Something moved across his face — quick, warm, decided.
"No," he said. "You really aren't." He straightened. "Adrian wants to meet you properly. For what it's worth — that means something. He doesn't want to meet most people either."
He left on the private elevator.
Giorgio watched him go.
"Every two weeks?" Rosalina asked.
"Alternating with Matteo," Giorgio said. "Except today they came together which means—" he paused, considering — "something has changed in the schedule."
Rosalina looked at the double doors.
"Yes," she said quietly. "I think it has."
She was still at her desk at six forty-five when the intercom clicked.
"Miss Evans."
"Yes?"
A pause. The length of something being decided.
"Go home," he said. "You've been here since six fifty this morning."
She looked at the intercom.
He was not a man who noticed hours. Or rather — he noticed everything, she had learned that by now, the March projections and the clause on page seven and the precise difference between every silence this floor produced — but he did not comment on them. He did not send people home.
"I have the Ferrara prep—"
"It can wait until morning."
"It'll take twenty minutes."
A silence.
"Then take twenty minutes," he said, "and go home."
She finished in seventeen.
On her way to the elevator she passed his office — door closed now, properly — and she stopped for just a moment without meaning to.
Behind that door was a man who ran legitimate companies and other ones that didn't appear in annual reports.
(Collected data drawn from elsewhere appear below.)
definition KP :: "real \<Rightarrow> real \<Rightarrow> real \<Rightarrow> real \<Rightarrow> (real \<times> real \<Rightarrow> real)
                  \<Rightarrow> (real \<Rightarrow> real) \<Rightarrow> real \<Rightarrow> real" where
  "KP a b lam mu k f t =
     lam * (LINT \<tau>:{a..t}|lborel. k (t, \<tau>) * f \<tau>) + mu * (LINT \<tau>:{t..b}|lborel. k (\<tau>, t) * f \<tau>)"

definition KPs :: "real \<Rightarrow> real \<Rightarrow> real \<Rightarrow> real \<Rightarrow> (real \<times> real \<Rightarrow> real)
                  \<Rightarrow> (real \<Rightarrow> real) \<Rightarrow> real \<Rightarrow> real" where
  "KPs a b lam mu k f t = KP a b mu lam k f t"

definition dotd :: "real \<Rightarrow> real \<Rightarrow> (real \<Rightarrow> real) \<Rightarrow> real \<Rightarrow> real" where
  "dotd a b y t = vector_derivative y (at t within {a..b})"

definition APs :: "real \<Rightarrow> real \<Rightarrow> real \<Rightarrow> real \<Rightarrow> (real \<times> real \<Rightarrow> real)
                  \<Rightarrow> (real \<Rightarrow> real) \<Rightarrow> real \<Rightarrow> real" where
  "APs a b lam mu k f t = dotd a b (KPs a b lam mu k f) t"

definition BP :: "real \<Rightarrow> real \<Rightarrow> real \<Rightarrow> real \<Rightarrow> (real \<times> real \<Rightarrow> real)
                  \<Rightarrow> (real \<Rightarrow> real) \<Rightarrow> real \<Rightarrow> real" where
  "BP a b lam mu k y t = KP a b lam mu k (dotd a b y) t"

definition C1_interval :: "real \<Rightarrow> real \<Rightarrow> (real \<Rightarrow> real) \<Rightarrow> bool" where
  "C1_interval a b f \<longleftrightarrow> (\<exists>f'. continuous_on {a..b} f' \<and>
      (\<forall>t\<in>{a..b}. (f has_real_derivative f' t) (at t within {a..b})))"

definition C1_on :: "'a::real_normed_vector set \<Rightarrow> ('a \<Rightarrow> real) \<Rightarrow> bool" where
  "C1_on S F \<longleftrightarrow> (\<exists>F'. (\<forall>z\<in>S. (F has_derivative F' z) (at z within S)) \<and>
      (\<forall>v. continuous_on S (\<lambda>z. F' z v)))"

type_synonym arg5 = "real \<times> real \<times> real \<times> real \<times> real"

definition d1 :: "(arg5 \<Rightarrow> real) \<Rightarrow> arg5 \<Rightarrow> real" where
  "d1 F z = (case z of (x1,x2,x3,x4,t) \<Rightarrow> deriv (\<lambda>s. F (s,x2,x3,x4,t)) x1)"
definition d2 :: "(arg5 \<Rightarrow> real) \<Rightarrow> arg5 \<Rightarrow> real" where
  "d2 F z = (case z of (x1,x2,x3,x4,t) \<Rightarrow> deriv (\<lambda>s. F (x1,s,x3,x4,t)) x2)"
definition d3 :: "(arg5 \<Rightarrow> real) \<Rightarrow> arg5 \<Rightarrow> real" where
  "d3 F z = (case z of (x1,x2,x3,x4,t) \<Rightarrow> deriv (\<lambda>s. F (x1,x2,s,x4,t)) x3)"
definition d4 :: "(arg5 \<Rightarrow> real) \<Rightarrow> arg5 \<Rightarrow> real" where
  "d4 F z = (case z of (x1,x2,x3,x4,t) \<Rightarrow> deriv (\<lambda>s. F (x1,x2,x3,s,t)) x4)"

definition adm :: "real \<Rightarrow> real \<Rightarrow> real \<Rightarrow> real \<Rightarrow> (real \<times> real \<Rightarrow> real)
                   \<Rightarrow> real \<Rightarrow> real \<Rightarrow> (real \<Rightarrow> real) set" where
  "adm a b lam mu k ya yb = {y. C1_interval a b y \<and> y a = ya \<and> y b = yb \<and>
      continuous_on {a..b} (KP a b lam mu k y) \<and> continuous_on {a..b} (BP a b lam mu k y)}"
lemma admissible_path_if_mpow_pos:
  "(mpow A k)$i$j > 0 \<Longrightarrow>
    \<exists>\<pi>. length \<pi> = Suc k \<and> hd \<pi> = i \<and> last \<pi> = j \<and> admissible \<pi>"
proof (induction k arbitrary: i)
  case 0
  then show ?case by (intro exI[of _ "[i]"]) (simp add: mat_def admissible_def split: if_splits)
next
  case (Suc k)
  then obtain m where "A$i$m = 1" "(mpow A k)$m$j > 0"
    using mpow_Suc_pos_obtain[OF zero_one] by blast
  with Suc.IH obtain \<pi> where "length \<pi> = Suc k" "hd \<pi> = m" "last \<pi> = j" "admissible \<pi>"
    by blast
  then show ?case
    using \<open>A$i$m = 1\<close> by (intro exI[of _ "i # \<pi>"]) (auto simp: admissible_Cons)
qed

lemma mpow_P_pos_if_mpow_A_pos: "(mpow A k)$i$j > 0 \<Longrightarrow> (mpow P k)$i$j > 0"
proof (induction k arbitrary: i)
  case 0 then show ?case by (simp add: mat_def split: if_splits)
next
  case (Suc k)
  then obtain m where "A$i$m = 1" "(mpow A k)$m$j > 0"
    using mpow_Suc_pos_obtain[OF zero_one] by blast
  then have "0 < P$i$m * (mpow P k)$m$j"
    using Suc.IH P_pos_iff by simp
  also have "\<dots> \<le> (\<Sum>l\<in>UNIV. P$i$l * (mpow P k)$l$j)"
    by (rule member_le_sum) (auto intro: mult_nonneg_nonneg P_nonneg mpow_nonneg)
  finally show ?case by (simp add: matrix_matrix_mult_def)
qed

lemma stationary_mpow: "p v* mpow P k = p"
proof (induction k)
  case 0 then show ?case
    by (simp add: vector_matrix_mult_def mat_def vec_eq_iff if_distrib sum.delta cong: if_cong)
next
  case (Suc k)
  then show ?case
    using stationary by (simp add: stationary_vector_def vector_matrix_mul_assoc[symmetric])
qed

text \<open>Irreducibility spreads the mass of the stationary vector to every symbol.\<close>

lemma p_pos: "p$j > 0"
proof -
  obtain l where l: "p$l > 0"
    using p_sum p_nonneg by (metis order.not_eq_order_implies_strict sum.neutral zero_neq_one)
  obtain k where "(mpow A k)$l$j > 0"
    using irreducible unfolding irreducible_matrix_def by blast
  then have "(mpow P k)$l$j > 0" by (rule mpow_P_pos_if_mpow_A_pos)
  with l have "0 < p$l * (mpow P k)$l$j" by simp
  also have "\<dots> \<le> (\<Sum>i\<in>UNIV. p$i * (mpow P k)$i$j)"
    by (rule member_le_sum) (auto intro: mult_nonneg_nonneg p_nonneg mpow_nonneg P_nonneg)
  also have "\<dots> = (p v* mpow P k)$j" by (simp add: vector_matrix_mult_def)
  finally show ?thesis by (simp add: stationary_mpow)
qed

lemma sum_path_weight_hd: "n \<ge> 1 \<Longrightarrow> (\<Sum>w | length w = n \<and> hd w = j. path_weight P w) = 1"
proof (induction n rule: nat_induct_at_least)
  case base
  have "{w. length w = 1 \<and> hd w = j} = {[j]}"
    by (auto simp: length_Suc_conv)
  then show ?case by simp
next
  case (Suc n)
  have "(\<Sum>w | length w = Suc n \<and> hd w = j. path_weight P w)
      = (\<Sum>v | length v = n \<and> hd v = j. \<Sum>l\<in>UNIV. path_weight P (v @ [l]))"
    by (rule sum_length_Suc_snoc) (use Suc.hyps in \<open>auto simp: hd_append\<close>)
  also have "\<dots> = (\<Sum>v | length v = n \<and> hd v = j. path_weight P v)"
  proof (intro sum.cong refl)
    fix v assume "v \<in> {v. length v = n \<and> hd v = j}"
    then have "v \<noteq> []" using Suc.hyps by auto
    then show "(\<Sum>l\<in>UNIV. path_weight P (v @ [l])) = path_weight P v"
      by (simp add: path_weight_snoc sum_distrib_left[symmetric] P_row_sum)
  qed
  finally show ?case using Suc.IH by simp
qed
Who had cousins who came together when something shifted, who spoke in careful language about walls and people on the other side of them. Who sent women home without a second glance and orphaned children to school without needing thanks.
Who had just told her to go home and meant something more than the words contained.
She pressed the elevator button.
The doors opened.
She stepped in and let the sixtieth floor go.
In the elevator going down she stood with her back against the wall and admitted, quietly and only to herself, that she was not afraid of what she had understood today.
She probably should be.
She wasn't.
And that — she suspected — was the most important thing she had learned about herself in eight days on the sixtieth floor.